Hybridization protocol
Fragmented and labeled DNA (540 ng) was hybridized following the manufacturer’s directions for 17h at 45C and rotating at 60rpm. Arrays were processed using Genechip Fluidics Station 450 according to recommended protocols (FS450_007) of double-staining and post-hybridization washes using GeneChip hybridization, wash and stain kit (Affymetrix #900720).
Scan protocol
Fluorescent images were captured using gene Array scanner 3000 and GCOS 1.2 software (Affymetrix).
Description
Gene expression from J82 cells grown on Matrigel RMA extracted, Log2
Data processing
Raw microarray data were processed using Affymetrix Expression Console version 1.1 (http://www.affymetrix.com/browse/level_seven_software_products_only.jsp?productId=131414&categoryId=35623#) to extract gene level intensities using the RMA method. The subsequent analysis was performed using the R statistical environment (http://www.R-project.org) and BioConductor packages.
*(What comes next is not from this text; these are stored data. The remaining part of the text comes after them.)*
lemma gm_logit_lower_bound:
  fixes J :: "'a set" and v :: "'a \<Rightarrow> real"
  defines "K \<equiv> real (card J)"
  assumes J_fin: "finite J" and J_ne: "J \<noteq> {}" and v_sum: "sum v J = - c" and c_le: "c \<le> 1"
    and s: "0 < s" and a2_le: "a2 \<le> a1" and a1_gt: "- 1 / K < a1"
  shows "ln (exp (s * (a2 - a1 + b2 - b1)) + K * exp (- s * (1 / K + a1 + b1)))
      \<le> - ln (exp (s * (a1 * c + b1)) / (exp (s * (a2 * c + b2)) + (\<Sum>j\<in>J. exp (s * v j))))"
      (is "?bound \<le> ?loss")
    and "- ln (exp (s * (a1 * c + b1)) / (exp (s * (a2 * c + b2)) + (\<Sum>j\<in>J. exp (s * v j))))
      = ln (exp (s * (a2 - a1 + b2 - b1)) + K * exp (- s * (1 / K + a1 + b1)))
      \<longleftrightarrow> c = 1 \<and> (\<forall>j\<in>J. v j = - 1 / K)"
proof -
  define head where "head = exp (s * (a2 * c + b2) - s * (a1 * c + b1))"
  define head0 where "head0 = exp (s * (a2 - a1 + b2 - b1))"
  define tail where "tail = (\<Sum>j\<in>J. exp (s * v j - s * (a1 * c + b1)))"
  define tail0 where "tail0 = K * exp (- s * (1 / K + a1 + b1))"
  note tail = gm_tail_lower_bound[OF J_fin J_ne v_sum c_le s a1_gt[unfolded K_def], folded K_def]
  have tail_ge: "tail0 \<le> tail" unfolding tail0_def tail_def by (rule tail(1))
  have tail_eq: "tail0 = tail \<longleftrightarrow> c = 1 \<and> (\<forall>j\<in>J. v j = - 1 / K)"
    unfolding tail0_def tail_def by (rule tail(2))
  have head_ge: "head0 \<le> head"
    using mult_left_mono[OF mult_nonneg_nonneg[of "a1 - a2" "1 - c"] less_imp_le[OF s]] a2_le c_le
    by (simp add: head_def head0_def algebra_simps)
  have pos0: "0 < head0 + tail0" using J_fin J_ne by (simp add: head0_def tail0_def K_def add_pos_nonneg)
  have loss: "?loss = ln (head + tail)"
    by (simp add: neg_ln_exp_div_exp_sum head_def tail_def)
  show "?bound \<le> ?loss"
    unfolding loss head0_def[symmetric] tail0_def[symmetric] using head_ge tail_ge pos0 by simp
  have "ln (head + tail) = ln (head0 + tail0) \<longleftrightarrow> head = head0 \<and> tail0 = tail"
    using head_ge tail_ge pos0 by (subst ln_inj_iff) (simp_all, linarith)
  also have "\<dots> \<longleftrightarrow> c = 1 \<and> (\<forall>j\<in>J. v j = - 1 / K)"
    using tail_eq by (auto simp: head_def head0_def algebra_simps)
  finally show "?loss = ?bound \<longleftrightarrow> c = 1 \<and> (\<forall>j\<in>J. v j = - 1 / K)"
    unfolding loss head0_def[symmetric] tail0_def[symmetric] .
qed

lemma sum_inner_others_eq_neg:
  fixes w :: "nat \<Rightarrow> 'a::real_inner"
  assumes "(\<Sum>j=1..k. w j) = 0" and "c \<in> {1..k}"
  shows "(\<Sum>j\<in>{1..k} - {c}. w j \<bullet> x) = - (w c \<bullet> x)"
proof -
  have "0 = (\<Sum>j=1..k. w j \<bullet> x)" using assms(1) by (simp flip: inner_sum_left)
  also have "\<dots> = w c \<bullet> x + (\<Sum>j\<in>{1..k} - {c}. w j \<bullet> x)"
    using assms(2) by (intro sum.remove) simp_all
  finally show ?thesis by linarith
qed

lemma atLeastAtMost_Diff_singleton_nonempty: "2 \<le> k \<Longrightarrow> {1..k} - {c::nat} \<noteq> {}"
proof -
  assume "2 \<le> k"
  then have "(if c = 1 then 2 else 1) \<in> {1..k} - {c}" by auto
  then show ?thesis by blast
qed

lemma unit_inner_eq_1_iff:
  fixes u v :: "'a::real_inner"
  assumes "norm u = 1" "norm v = 1"
  shows "u \<bullet> v = 1 \<longleftrightarrow> v = u"
  using norm_cauchy_schwarz_eq[of u v] assms by (auto simp: norm_eq_1)

definition gm_sample_loss ::
  "real \<Rightarrow> real \<Rightarrow> real \<Rightarrow> real \<Rightarrow> real \<Rightarrow> nat \<Rightarrow> nat \<Rightarrow> (nat \<Rightarrow> 'a::real_inner) \<Rightarrow> 'a
    \<Rightarrow> real"
  where "gm_sample_loss s a1 a2 b1 b2 k c w z =
    - ln (exp (s * (a1 * (w c \<bullet> z) + b1)) /
          (exp (s * (a2 * (w c \<bullet> z) + b2)) + (\<Sum>j\<in>{1..k} - {c}. exp (s * (w j \<bullet> z)))))"

definition gm_sample_bound :: "real \<Rightarrow> real \<Rightarrow> real \<Rightarrow> real \<Rightarrow> real \<Rightarrow> nat \<Rightarrow> real"
  where "gm_sample_bound s a1 a2 b1 b2 k =
    ln (exp (s * (a2 - a1 + b2 - b1)) + (real k - 1) * exp (- s * (1 / (real k - 1) + a1 + b1)))"

lemma gm_sample_loss_lower_bound:
  fixes w :: "nat \<Rightarrow> 'a::real_inner" and z :: 'a
  assumes k: "2 \<le> k" and c: "c \<in> {1..k}"
    and w_unit: "\<forall>j\<in>{1..k}. norm (w j) = 1" and w_sum: "(\<Sum>j=1..k. w j) = 0"
    and z_unit: "norm z = 1"
    and s: "0 < s" and a2_le: "a2 \<le> a1" and a1_gt: "- 1 / (real k - 1) < a1"
  shows "gm_sample_bound s a1 a2 b1 b2 k \<le> gm_sample_loss s a1 a2 b1 b2 k c w z"
      (is "?bound \<le> ?loss")
    and "gm_sample_loss s a1 a2 b1 b2 k c w z = gm_sample_bound s a1 a2 b1 b2 k
      \<longleftrightarrow> z = w c \<and> (\<forall>j\<in>{1..k} - {c}. w j \<bullet> w c = - 1 / (real k - 1))"
proof -
  have card: "real (card ({1..k} - {c})) = real k - 1" using c k by (simp add: of_nat_diff)
  have wc: "norm (w c) = 1" using w_unit c by blast
  have "w c \<bullet> z \<le> 1" using norm_cauchy_schwarz[of "w c" z] wc z_unit by simp
  note bound = gm_logit_lower_bound[of "{1..k} - {c}" "\<lambda>j. w j \<bullet> z" "w c \<bullet> z",
      unfolded card, OF _ atLeastAtMost_Diff_singleton_nonempty[OF k] sum_inner_others_eq_neg[OF w_sum c] this s a2_le a1_gt, simplified]
  show "?bound \<le> ?loss"
    using bound(1) by (simp add: gm_sample_bound_def gm_sample_loss_def)
  show "?loss = ?bound \<longleftrightarrow> z = w c \<and> (\<forall>j\<in>{1..k} - {c}. w j \<bullet> w c = - 1 / (real k - 1))"
    using bound(2) unit_inner_eq_1_iff[OF wc z_unit]
    by (auto simp: gm_sample_bound_def gm_sample_loss_def)
qed

section \<open>The bound for the empirical risk\<close>

lemma sum_eq_sum_iff_of_le:
  fixes f g :: "'a \<Rightarrow> 'b::ordered_cancel_comm_monoid_add"
  assumes "finite A" and "\<forall>i\<in>A. f i \<le> g i"
  shows "sum f A = sum g A \<longleftrightarrow> (\<forall>i\<in>A. f i = g i)"
proof
  assume eq: "sum f A = sum g A"
  show "\<forall>i\<in>A. f i = g i"
  proof (rule ccontr)
    assume "\<not> ?thesis"
    then have "sum f A < sum g A"
      using assms by (intro sum_strict_mono_ex1) (auto simp: order.order_iff_strict)
    with eq show False by simp
  qed
qed simp

lemma gm_loss_eq_mean:
  "gm_loss s a1 a2 b1 b2 k N y w z
    = (\<Sum>i=1..N. gm_sample_loss s (a1 i) (a2 i) (b1 i) (b2 i) k (y i) w (z i)) / real N"
  by (simp add: gm_loss_def gm_sample_loss_def)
Quality control of the data included a comparison of boxplots of gene expression level among the conditions, and hierarchical clustering of condition-specific gene expression profiles to identify potential outliers. All data conform with the Minimal Information About a Microarray Experiment (MIAME) guidelines. Matrix-specific combined gene/protein expression profiles were compared using the limma (Smyth 2004) package. The Benjamini-Hochberg false discovery rate (FDR) correction for multiple testing was applied, along with 2-fold change cutoff. Gene set enrichment analysis (GSEA) method was used to analyze differentially expressed genes ranked by their fold change. Briefly, GSEA walks down the list of pre-ranked genes and calculates enrichment of gene groups in a given functional category. Functional categories containing genes consistently up- or downregulated are further assessed by a permutation method. GSEA assesses enriched categories in either phenotype by starting from either up- or downregulated genes. In this study, we considered enrichment of the genes in KEGG canonical pathways and all gene ontology categories. Further investigation of functional significance of differentially expressed genes/proteins was carried out by Ingenuity Pathway Analysis (IPA; Ingenuity Systems, Redwood City, CA).